Известный театральный критик и журналист, она долго не могла понять, почему именно этот путь уготован ей судьбой. И ответ некоторым образом был найден только в зрелом возрасте, когда она уже, в общем-то, состоялась в профессии.

Ее дядя Гоша — студент Георгий Чусовской из уже почти легендарного якутского курса Ленинградского театрального института, набранного перед войной, половина из которого погибла в блокаду, в том числе и он, совсем еще юный. И именно он, дядя Гоша, как это впоследствии поняла Валентина Александровна, и был той незримой нитью, которая вела ее по жизненному пути.

Разговор этот состоялся неспроста. В конце января, к годовщине снятия блокады, в Саха театре состоялась премьера уже третьей по счету постановки, посвященной этой студии, а накануне премьеры была представлена еще и книга (тоже уже не первая) об этой истории. Все это очередной раз навеяло у Валентины Чусовской воспоминания о прошлом, которое в какой-то мере стало ее настоящим.

— Когда вы впервые услышали о студии, о вашем дяде Гоше?

 — Вообще-то это семейное предание. Дядя Гоша был всегда, город Ленинград был всегда. Это был такой миф. Мы родились после войны, а эти события происходили до нее. Нам рассказывали об этом мои близкие в детстве. Мы знали, что дядя Гоша учился на актера и в блокаду он от голода и холода погиб. Вместе с теми, кого не призвали на фронт, поскольку они еще были молоды. И знали, что он был чрезвычайно талантлив. Конечно, тогда это воспринималось как такое общее место: если человек трагически погиб, то, значит, был талантлив. Но только через много лет из книги Лепковской я узнала, что он действительно учился блестяще. Но вот до книги Лепковской это было все же для меня семейное предание, о котором совершенно не думаешь, но иногда вспоминаешь. Никаких документов я не видела. Тем более известно, что в блокаду документы — архивы, конспекты, тетради — все сгорело. Люди этим обогревались. Ничего не осталось. Только те, кто вспоминал об этом после войны, записывал — их свидетельства остались. И даже когда я была в шестидесятые годы в Ленинграде, мне даже в голову не пришло зайти в этот институт и поинтересоваться. А ведь еще были живы педагоги. Я вот думаю, как жизнь странно распоряжается вот этой информацией и памятью. Сейчас мне кажется, что нет ничего важнее в моей жизни, чем эта история.
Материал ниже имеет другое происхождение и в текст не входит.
(* Suppose the standing assumptions (1)–(5) below hold, and that both the feature and all edges incident to the $g_n$-th node of the $n$-th training graph must be unlearned: the updated dataset is $\mathcal{D}'=(\mathbf{Z}',\mathbf{y})$ with $\mathbf{z}_i'=\mathbf{z}_i$ for $i<n$ and $\mathbf{z}_n'=\Phi(\mathbf{S}_n',\mathbf{x}_n')$, where $\mathbf{x}_n'$ agrees with $\mathbf{x}_n$ except $[\mathbf{x}_n']_{g_n}=0$, and $\mathbf{S}_n'$ is obtained from $\mathbf{S}_n$ by setting the $g_n$-th row and column to zero. Then the updated model $\mathbf{w}'=\mathbf{w}^\star+\mathbf{H}_{\mathbf{w}^\star}^{-1}\Delta$ satisfies $$\|\nabla L(\mathbf{w}',\mathcal{D}')\|\leq \frac{4\gamma_2 C_1^2F^3}{\lambda^2 n},\qquad F=\sqrt{\sum_{l=0}^{L-1}B^{2l}},$$ where $B$ is the upper frame constant of the graph wavelets used in the GST.
   Context: Setting (graph classification). There are $n$ training graphs $\mathcal{G}_1,\dots,\mathcal{G}_n$. Graph $\mathcal{G}_i$ has $g_i$ nodes, a symmetric adjacency matrix $\mathbf{S}_i\in\mathbb{R}^{g_i\times g_i}$ (the graph shift operator), a node signal $\mathbf{x}_i\in\mathbb{R}^{g_i}$ (one scalar feature per node) and a label $y_i$. Graph scattering transform (GST). Fix positive integers $J,L$ and wavelet kernel functions $h_1,\dots,h_J:\mathbb{R}\to\mathbb{R}$. For a symmetric $\mathbf{S}=\mathbf{V}\mathbf{\Lambda}\mathbf{V}^T$ with eigenvalues $\lambda_1,\dots,\lambda_g$, set $\mathbf{H}_j(\mathbf{S})=\mathbf{V}\,\mathrm{diag}(h_j(\lambda_1),\dots,h_j(\lambda_g))\mathbf{V}^T$. The wavelets form a frame: there are constants $0<A\le B$ with $A^2\|\mathbf{x}\|^2\le\sum_{j=1}^J\|\mathbf{H}_j(\mathbf{S})\mathbf{x}\|^2\le B^2\|\mathbf{x}\|^2$ for all $\mathbf{x}$ (for all shift operators considered). Let $\rho$ be the entrywise absolute value. For a path $p=(j_1,\dots,j_l)$ with $j_k\in\{1,\dots,J\}$ and $0\le l\le L-1$, define $\Phi_{()}(\mathbf{S},\mathbf{x})=\mathbf{x}$ and $\Phi_{(j_1,\dots,j_l)}(\mathbf{S},\mathbf{x})=\rho\big(\mathbf{H}_{j_l}(\mathbf{S})\Phi_{(j_1,\dots,j_{l-1})}(\mathbf{S},\mathbf{x})\big)$, and the scalar coefficient $\phi_p(\mathbf{S},\mathbf{x})=U\Phi_p(\mathbf{S},\mathbf{x})$ with the averaging operator $U=\frac{1}{g}\mathbf{1}^T$ ($g$ the number of nodes). The embedding $\Phi(\mathbf{S},\mathbf{x})\in\mathbb{R}^d$, $d=\sum_{l=0}^{L-1}J^l$, is the concatenation of all $\phi_p(\mathbf{S},\mathbf{x})$. Set $\mathbf{z}_i=\Phi(\mathbf{S}_i,\mathbf{x}_i)$, let $\mathbf{Z}$ have rows $\mathbf{z}_i^T$, and $\mathcal{D}=(\mathbf{Z},\mathbf{y})$. Learning and update. $\ell(s,y)$ is convex and twice differentiable in $s$; $\ell'$, $\ell''$ denote derivatives in $s$, and $\nabla$, $\nabla^2$ denote gradient/Hessian in $\mathbf{w}$. For a dataset $\mathcal{D}=(\mathbf{Z},\mathbf{y})$, $L(\mathbf{w},\mathcal{D})=\sum_{i=1}^n\big(\ell(\mathbf{w}^T\mathbf{z}_i,y_i)+\frac{\lambda}{2}\|\mathbf{w}\|^2\big)$ with $\lambda>0$, and $\mathbf{w}^\star=\arg\min_{\mathbf{w}}L(\mathbf{w},\mathcal{D})$. For the updated dataset $\mathcal{D}'$, set $\mathbf{H}_{\mathbf{w}^\star}=\nabla^2L(\mathbf{w}^\star,\mathcal{D}')$ and $\Delta=\nabla L(\mathbf{w}^\star,\mathcal{D})-\nabla L(\mathbf{w}^\star,\mathcal{D}')$. Norms are $\ell_2$ for vectors and operator norm for matrices. Standing assumptions: there are constants $C_1,C_2,\gamma_1,\gamma_2$ such that for every embedding $\mathbf{z}_i$ (of $\mathcal{D}$ or $\mathcal{D}'$) and every $\mathbf{w}\in\mathbb{R}^d$: (1) $\|\nabla\ell(\mathbf{w}^T\mathbf{z}_i,y_i)\|\le C_1$; (2) $|\ell'(\mathbf{w}^T\mathbf{z}_i,y_i)|\le C_2$; (3) $\ell'$ is $\gamma_1$-Lipschitz; (4) $\ell''$ is $\gamma_2$-Lipschitz; (5) the signals satisfy $|[\mathbf{x}_i]_j|\le1$ for all $i$ and all $j\in\{1,\dots,g_i\}$. *)

theory Defs
  imports "HOL-Analysis.Analysis"
begin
— И когда же вы впервые с этой историей столкнулись в своей уже сознательной жизни?

— История такая. Это было дело случая. Я никогда не думала о журналистике, тем более о телевидении. Но обстоятельства так сложились, что после института мне нужно было найти работу. Любую. И вот я узнала, что на телевидении есть вакансия для выпускников филфака. И действительно, я пришла туда, и меня взяли. Довольно быстро все пошло хорошо с работой, как будто я к этому всю жизнь готовилась. Хотя это не так. И вот, когда я проработала там около десяти лет, в одну из редакций пришел новый редактор. Уже пожилой человек. И однажды он подошел ко мне и сказал, что учился вместе с моим дядей Гошей Чусовским. Я страшно удивилась, растерялась. Он представился как Георгий Иванович Борисов.

— Еще один дядя Гоша, получается.

— Да. И он сказал, что принесет мне фотографию моего дяди. И это был очень хороший фотопортрет, где на обороте очень красивым почерком отличного школьника было написано «Дорогой маме Пелагее Григорьевне от Гоши». Я очень поблагодарила Георгия Ивановича и, конечно, помнила это семейное предание. Но тогда не поняла, что нужно действовать — начать расспрашивать, записывать. И только через много лет, когда уже работала в АГИКиИ, Ефим Степанов однажды мне дал одну книгу со словами: «Ты вот думала, что случайно попала на телевидение, а вот смотри». Он открывает книгу и с листа начинает переводить с якутского. Это была книга того самого Георгия Борисова (которого уже в то время не было в живых) о последней встрече с моим дядей Гошей. Как оказалось, мой дядя Гоша сманил его сходить в лекторий на первый сеанс передачи телевизионного изображения из Москвы в Ленинград. Тот был поначалу настроен скептически, сказав дяде Гоше, что это скорее всего надувательство. На это дядя Гоша ему ответил, что ты не понимаешь, что это будущее и что наша жизнь как актеров в будущем — это телевидение.

— Выходит, какой-то перст судьбы вам указал на место работы.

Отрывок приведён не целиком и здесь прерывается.